**GIVEN RECORDS**
▼

(* Suppose (C2) holds. Then the LMS sampling design is a high entropy sampling design. Moreover, under each of SRSWOR, the LMS design and any HE$\pi$PS design, for $\mathbb P$-almost every $\omega$ there are constants $M,M'>0$ such that for all sufficiently large $\nu$, $M\le n^{-1}N\pi_i\le M'$ for all $1\le i\le N$.
   Context: Sequence of nested finite populations of $N=N_\nu$ units with sample size $n=n_\nu<N$, $N,n\to\infty$ as $\nu\to\infty$; size variable values $X_1,\dots,X_N$ are i.i.d. positive random variables on $(\Omega,\mathcal F,\mathbb P)$ (part of i.i.d. population records). A sampling design is $P(s,\omega)$, a probability on the size-$n$ subsets $s$ for each $\omega$; $\pi_i=\sum_{s\ni i}P(s,\omega)$. SRSWOR: each $s$ with probability $\binom Nn^{-1}$. LMS: first unit $U_i$ drawn with probability $X_i/\sum_jX_j$, then $n-1$ units by SRSWOR from the remaining $N-1$. Rejective design (parameters $\alpha_i>0$, $\sum\alpha_i=1$): $n$ draws with replacement with probabilities $\alpha_i$, repeated until $n$ distinct units are drawn. A design is high entropy if $\sum_sP(s,\omega)\log(P(s,\omega)/R(s,\omega))\to0$ as $\nu\to\infty$ a.s. $[\mathbb P]$ for some rejective design $R(s,\omega)$. $\pi$PS: $\pi_i=nX_i/\sum_jX_j$. HE$\pi$PS: high entropy and $\pi$PS. (C2): $X_i\le b$ a.s. for some $0<b<\infty$, $E(X_i^{-2})<\infty$, and $\max_{i\le N}X_i/\min_{i\le N}X_i=O(1)$ as $\nu\to\infty$ a.s. $[\mathbb P]$. *)

theory Defs
  imports "HOL-Probability.Probability"
begin

definition samples :: "nat \<Rightarrow> nat \<Rightarrow> nat set set" where
  "samples N n = {s. s \<subseteq> {1..N} \<and> card s = n}"

definition is_design :: "nat \<Rightarrow> nat \<Rightarrow> (nat set \<Rightarrow> real) \<Rightarrow> bool" where
  "is_design N n p \<longleftrightarrow> (\<forall>s. 0 \<le> p s) \<and> (\<forall>s. p s \<noteq> 0 \<longrightarrow> s \<in> samples N n)
     \<and> sum p (samples N n) = 1"

definition incl_prob :: "nat \<Rightarrow> nat \<Rightarrow> (nat set \<Rightarrow> real) \<Rightarrow> nat \<Rightarrow> real" where
  "incl_prob N n p i = (\<Sum>s\<in>{s\<in>samples N n. i \<in> s}. p s)"

definition srswor :: "nat \<Rightarrow> nat \<Rightarrow> nat set \<Rightarrow> real" where
  "srswor N n s = (if s \<in> samples N n then 1 / real (N choose n) else 0)"
lemma has_vector_derivative_along_ray:
  assumes "(f has_derivative Df) (at (t *\<^sub>R \<omega>))"
  shows "((\<lambda>t. f (t *\<^sub>R \<omega>)) has_vector_derivative Df \<omega>) (at t)"
proof -
  have "((\<lambda>t. f (t *\<^sub>R \<omega>)) has_derivative (\<lambda>h. Df (h *\<^sub>R \<omega>))) (at t)"
    by (rule has_derivative_compose[of "\<lambda>t. t *\<^sub>R \<omega>" "\<lambda>h. h *\<^sub>R \<omega>", OF _ assms])
      (auto intro!: derivative_eq_intros)
  then show ?thesis
    using linear_cmul[OF has_derivative_linear[OF assms]] by (simp add: has_vector_derivative_def)
qed

lemma pos_if_mem_ball_half: "t \<in> ball r (r/2) \<Longrightarrow> 0 < t"
  unfolding mem_ball dist_real_def abs_less_iff by linarith

text \<open>The origin is excluded because for \<open>\<sigma> < 0\<close> a classical solution need not be
  differentiable there.\<close>

locale superharmonic_off_origin =
  fixes u :: "'a::euclidean_space \<Rightarrow> real" and Du :: "'a \<Rightarrow> 'a \<Rightarrow>\<^sub>L real"
    and D2u :: "'a \<Rightarrow> 'a \<Rightarrow>\<^sub>L 'a \<Rightarrow>\<^sub>L real"
  assumes has_derivative_u: "\<And>x. x \<noteq> 0 \<Longrightarrow> (u has_derivative Du x) (at x)"
    and has_derivative_Du: "\<And>x. x \<noteq> 0 \<Longrightarrow> (Du has_derivative D2u x) (at x)"
    and continuous_D2u: "continuous_on (- {0}) D2u"
    and lap_nonpos: "\<And>x. x \<noteq> 0 \<Longrightarrow> lap_of (D2u x) \<le> 0"
    and continuous_u: "continuous_on UNIV u"
    and nonneg: "\<And>x. 0 \<le> u x"
begin

text \<open>Up to the volume of the unit ball, these are the means over the sphere of radius \<open>r\<close> of
  \<open>u\<close>, of its first and second radial derivatives and of its Laplacian.\<close>

definition cone_u :: "real \<Rightarrow> real" where
  "cone_u r = cone_integral (\<lambda>\<omega>. u (r *\<^sub>R \<omega>))"

definition cone_Du :: "real \<Rightarrow> real" where
  "cone_Du r = cone_integral (\<lambda>\<omega>. Du (r *\<^sub>R \<omega>) \<omega>)"

definition cone_D2u :: "real \<Rightarrow> real" where
  "cone_D2u r = cone_integral (\<lambda>\<omega>. D2u (r *\<^sub>R \<omega>) \<omega> \<omega>)"

definition cone_lap :: "real \<Rightarrow> real" where
  "cone_lap r = cone_integral (\<lambda>\<omega>. lap_of (D2u (r *\<^sub>R \<omega>)))"

lemma continuous_Du: "continuous_on (- {0}) Du"
  using has_derivative_Du has_derivative_continuous
  by (intro continuous_at_imp_continuous_on) blast

lemma continuous_on_sphere_u: "continuous_on (sphere 0 1) (\<lambda>\<omega>. u (t *\<^sub>R \<omega>))"
  by (rule continuous_on_compose2[OF continuous_u]) (auto intro!: continuous_intros)

lemma continuous_on_sphere_Du: "t \<noteq> 0 \<Longrightarrow> continuous_on (sphere 0 1) (\<lambda>\<omega>. Du (t *\<^sub>R \<omega>))"
  by (rule continuous_on_compose2[OF continuous_Du]) (auto intro!: continuous_intros)

lemma continuous_on_sphere_D2u: "t \<noteq> 0 \<Longrightarrow> continuous_on (sphere 0 1) (\<lambda>\<omega>. D2u (t *\<^sub>R \<omega>))"
  by (rule continuous_on_compose2[OF continuous_D2u]) (auto intro!: continuous_intros)

lemma continuous_on_annulus_Du:
  "r > 0 \<Longrightarrow> continuous_on (cball r (r/2) \<times> sphere 0 1) (\<lambda>p. Du (fst p *\<^sub>R snd p))"
  by (rule continuous_on_compose2[OF continuous_Du])
    (auto intro!: continuous_intros simp: dist_real_def)

lemma continuous_on_annulus_D2u:
  "r > 0 \<Longrightarrow> continuous_on (cball r (r/2) \<times> sphere 0 1) (\<lambda>p. D2u (fst p *\<^sub>R snd p))"
  by (rule continuous_on_compose2[OF continuous_D2u])
    (auto intro!: continuous_intros simp: dist_real_def)

lemma continuous_on_sphere_Du_apply: "t \<noteq> 0 \<Longrightarrow> continuous_on (sphere 0 1) (\<lambda>\<omega>. Du (t *\<^sub>R \<omega>) \<omega>)"
  by (intro blinfun.continuous_on[OF continuous_on_sphere_Du] continuous_intros)

lemma continuous_on_sphere_D2u_apply: "t \<noteq> 0 \<Longrightarrow> continuous_on (sphere 0 1) (\<lambda>\<omega>. D2u (t *\<^sub>R \<omega>) \<omega> \<omega>)"
  by (intro blinfun.continuous_on[OF blinfun.continuous_on[OF continuous_on_sphere_D2u]]
      continuous_intros)

lemma continuous_on_sphere_lap: "t \<noteq> 0 \<Longrightarrow> continuous_on (sphere 0 1) (\<lambda>\<omega>. lap_of (D2u (t *\<^sub>R \<omega>)))"
  unfolding lap_of_def
  by (intro continuous_on_sum
      blinfun.continuous_on[OF blinfun.continuous_on[OF continuous_on_sphere_D2u]]
      continuous_intros)

lemma has_real_derivative_cone_u:
  assumes r: "r > 0"
  shows "(cone_u has_real_derivative cone_Du r) (at r)"
  unfolding cone_u_def[abs_def] cone_Du_def
proof (rule has_real_derivative_cone_integral[where d = "r/2"])
  fix t and \<omega> :: 'a assume t: "t \<in> ball r (r/2)" and \<omega>: "\<omega> \<in> sphere 0 1"
  then have "t *\<^sub>R \<omega> \<noteq> 0"
    using pos_if_mem_ball_half by auto
  from has_vector_derivative_along_ray[OF has_derivative_u[OF this]]
  show "((\<lambda>t. u (t *\<^sub>R \<omega>)) has_real_derivative Du (t *\<^sub>R \<omega>) \<omega>) (at t)"
    by (simp add: has_real_derivative_iff_has_vector_derivative)
next
  have "continuous_on (cball r (r/2) \<times> sphere 0 1) (\<lambda>p. Du (fst p *\<^sub>R snd p) (snd p))"
    by (intro blinfun.continuous_on[OF continuous_on_annulus_Du[OF r]] continuous_intros)
  then show "continuous_on (cball r (r/2) \<times> sphere 0 1) (\<lambda>(t, \<omega>). Du (t *\<^sub>R \<omega>) \<omega>)"
    by (simp add: case_prod_beta')
qed (use r continuous_on_sphere_u in auto)

lemma has_real_derivative_cone_Du:
  assumes r: "r > 0"
  shows "(cone_Du has_real_derivative cone_D2u r) (at r)"
  unfolding cone_Du_def[abs_def] cone_D2u_def
proof (rule has_real_derivative_cone_integral[where d = "r/2"])
  fix t and \<omega> :: 'a assume t: "t \<in> ball r (r/2)" and \<omega>: "\<omega> \<in> sphere 0 1"
  then have "t *\<^sub>R \<omega> \<noteq> 0"
    using pos_if_mem_ball_half by auto
  from has_vector_derivative_along_ray[OF has_derivative_Du[OF this]]
  have "((\<lambda>t. Du (t *\<^sub>R \<omega>)) has_derivative (\<lambda>h. h *\<^sub>R D2u (t *\<^sub>R \<omega>) \<omega>)) (at t)"
    by (simp add: has_vector_derivative_def)
  from bounded_linear.has_derivative[OF blinfun.bounded_linear_left this, of \<omega>]
  show "((\<lambda>t. Du (t *\<^sub>R \<omega>) \<omega>) has_real_derivative D2u (t *\<^sub>R \<omega>) \<omega> \<omega>) (at t)"
    by (simp add: has_field_derivative_def blinfun.scaleR_left mult.commute[of _ "D2u _ _ _"])
next
  fix t assume "t \<in> ball r (r/2)"
  then have "t \<noteq> 0"
    using pos_if_mem_ball_half by fastforce
  then show "continuous_on (sphere 0 1) (\<lambda>\<omega>. Du (t *\<^sub>R \<omega>) \<omega>)"
    by (rule continuous_on_sphere_Du_apply)
next
  have "continuous_on (cball r (r/2) \<times> sphere 0 1) (\<lambda>p. D2u (fst p *\<^sub>R snd p) (snd p) (snd p))"
    by (intro blinfun.continuous_on[OF blinfun.continuous_on[OF continuous_on_annulus_D2u[OF r]]]
        continuous_intros)
  then show "continuous_on (cball r (r/2) \<times> sphere 0 1) (\<lambda>(t, \<omega>). D2u (t *\<^sub>R \<omega>) \<omega> \<omega>)"
    by (simp add: case_prod_beta')
qed (use r in auto)

lemma cone_integral_rotation_identity:
  assumes r: "r > 0" and bc: "b \<in> Basis" "c \<in> Basis" "b \<noteq> c"
  defines "A \<equiv> rotation_generator b c"
  shows "cone_integral (\<lambda>\<omega>. Du (r *\<^sub>R \<omega>) (A (A \<omega>)) + r * D2u (r *\<^sub>R \<omega>) (A \<omega>) (A \<omega>)) = 0"
proof -
  define Dw where "Dw y h = Du (r *\<^sub>R y) (A h) + D2u (r *\<^sub>R y) (r *\<^sub>R h) (A y)" for y h :: 'a
  have "cone_integral (\<lambda>\<omega>. Dw \<omega> (A \<omega>)) = 0"
    unfolding A_def
  proof (rule cone_integral_rotation_generator_eq_0[where U = "- {0}"
        and w = "\<lambda>y. Du (r *\<^sub>R y) (A y)"])
    show "b \<bullet> b = 1" "c \<bullet> c = 1" "b \<bullet> c = 0"
      using bc by (auto simp: inner_Basis)
    fix y :: 'a assume "y \<in> - {0}"
    then have "r *\<^sub>R y \<noteq> 0"
      using r by auto
    have "((\<lambda>y. r *\<^sub>R y) has_derivative (\<lambda>h. r *\<^sub>R h)) (at y)"
      by (auto intro!: derivative_eq_intros)
    from diff_chain_at[OF this has_derivative_Du[OF \<open>r *\<^sub>R y \<noteq> 0\<close>]]
    have "((\<lambda>y. Du (r *\<^sub>R y)) has_derivative (\<lambda>h. D2u (r *\<^sub>R y) (r *\<^sub>R h))) (at y)"
      by (simp add: comp_def)
    from blinfun.FDERIV[OF this linear_imp_has_derivative[OF linear_rotation_generator]]
    show "((\<lambda>y. Du (r *\<^sub>R y) (A y)) has_derivative Dw y) (at y)"
      unfolding Dw_def[abs_def] A_def by simp
  next
    have "continuous_on ((- {0}) \<times> UNIV) (\<lambda>p::'a \<times> 'a. Du (r *\<^sub>R fst p))"
      by (rule continuous_on_compose2[OF continuous_Du])
        (use r in \<open>auto intro!: continuous_intros\<close>)
    moreover have "continuous_on ((- {0}) \<times> UNIV) (\<lambda>p::'a \<times> 'a. D2u (r *\<^sub>R fst p))"
      by (rule continuous_on_compose2[OF continuous_D2u])
        (use r in \<open>auto intro!: continuous_intros\<close>)
    ultimately have "continuous_on ((- {0}) \<times> UNIV) (\<lambda>p::'a \<times> 'a. Dw (fst p) (snd p))"
      unfolding Dw_def A_def
      by (intro continuous_on_add blinfun.continuous_on continuous_intros
          continuous_on_compose2[OF continuous_on_rotation_generator]) auto
    then show "continuous_on ((- {0}) \<times> UNIV) (\<lambda>(y, h). Dw y h)"
      by (simp add: case_prod_beta')
  qed auto
  moreover have "Dw \<omega> (A \<omega>) = Du (r *\<^sub>R \<omega>) (A (A \<omega>)) + r * D2u (r *\<^sub>R \<omega>) (A \<omega>) (A \<omega>)" for \<omega>
    unfolding Dw_def by (simp add: blinfun.scaleR_right blinfun.scaleR_left)
  ultimately show ?thesis
    by simp
qed

lemma cone_lap_identity:
  assumes r: "r > 0"
  shows "r * cone_lap r = r * cone_D2u r + (real DIM('a) - 1) * cone_Du r"
proof -
  define T where "T b c \<omega> = Du (r *\<^sub>R \<omega>) (rotation_generator b c (rotation_generator b c \<omega>))
    + r * D2u (r *\<^sub>R \<omega>) (rotation_generator b c \<omega>) (rotation_generator b c \<omega>)" for b c \<omega> :: 'a
  have T_cont: "continuous_on (sphere 0 1) (T b c)" for b c
    unfolding T_def using r
    by (intro continuous_on_add continuous_on_mult continuous_on_const
        blinfun.continuous_on[OF continuous_on_sphere_Du] blinfun.continuous_on[OF
          blinfun.continuous_on[OF continuous_on_sphere_D2u]]
        continuous_on_compose2[OF continuous_on_rotation_generator continuous_on_rotation_generator]
        continuous_on_rotation_generator)
      auto
  have "cone_integral (T b c) = 0" if "b \<in> Basis" "c \<in> Basis - {b}" for b c
    using cone_integral_rotation_identity[OF r, of b c] that unfolding T_def[abs_def] by auto
  then have "0 = (\<Sum>b\<in>Basis. \<Sum>c\<in>Basis - {b}. cone_integral (T b c))"
    by simp
  also have "\<dots> = cone_integral (\<lambda>\<omega>. \<Sum>b\<in>Basis. \<Sum>c\<in>Basis - {b}. T b c \<omega>)"
    by (simp add: cone_integral_sum T_cont continuous_on_sum)
  also have "\<dots> = cone_integral (\<lambda>\<omega>. 2 * r * lap_of (D2u (r *\<^sub>R \<omega>)) - 2 * r * D2u (r *\<^sub>R \<omega>) \<omega> \<omega>
      - 2 * (real DIM('a) - 1) * Du (r *\<^sub>R \<omega>) \<omega>)"
    by (rule cone_integral_cong)
      (simp add: T_def sum_rotation_generator_terms flip: norm_eq_1)
  also have "\<dots> = 2 * r * cone_lap r - 2 * r * cone_D2u r - 2 * (real DIM('a) - 1) * cone_Du r"
    using r
    by (simp add: cone_lap_def cone_D2u_def cone_Du_def cone_integral_diff cone_integral_cmult
        continuous_on_diff continuous_on_mult_left continuous_on_sphere_Du_apply
        continuous_on_sphere_D2u_apply continuous_on_sphere_lap)
  finally show ?thesis
    by (simp add: algebra_simps)
qed

lemma cone_lap_nonpos:
  assumes "r > 0"
  shows "cone_lap r \<le> 0"
proof -
  have "lap_of (D2u (r *\<^sub>R \<omega>)) \<le> 0" if "\<omega> \<in> sphere 0 1" for \<omega>
  proof -
    have "\<omega> \<noteq> 0"
      using that by auto
    then show ?thesis
      using lap_nonpos[of "r *\<^sub>R \<omega>"] assms by simp
  qed
  then show ?thesis
    using cone_integral_mono[of "\<lambda>\<omega>. lap_of (D2u (r *\<^sub>R \<omega>))" "\<lambda>_. 0"] assms
    by (simp add: cone_lap_def cone_integral_const continuous_on_sphere_lap)
qed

▲

**TASK DIRECTIONS**
Go through the records and show every line with the string "assms" in it.

**ANSWER BOX**
    by (rule has_derivative_compose[of "\<lambda>t. t *\<^sub>R \<omega>" "\<lambda>h. h *\<^sub>R \<omega>", OF _ assms])
    using linear_cmul[OF has_derivative_linear[OF assms]] by (simp add: has_vector_derivative_def)
      using lap_nonpos[of "r *\<^sub>R \<omega>"] assms by simp
    using cone_integral_mono[of "\<lambda>\<omega>. lap_of (D2u (r *\<^sub>R \<omega>))" "\<lambda>_. 0"] assms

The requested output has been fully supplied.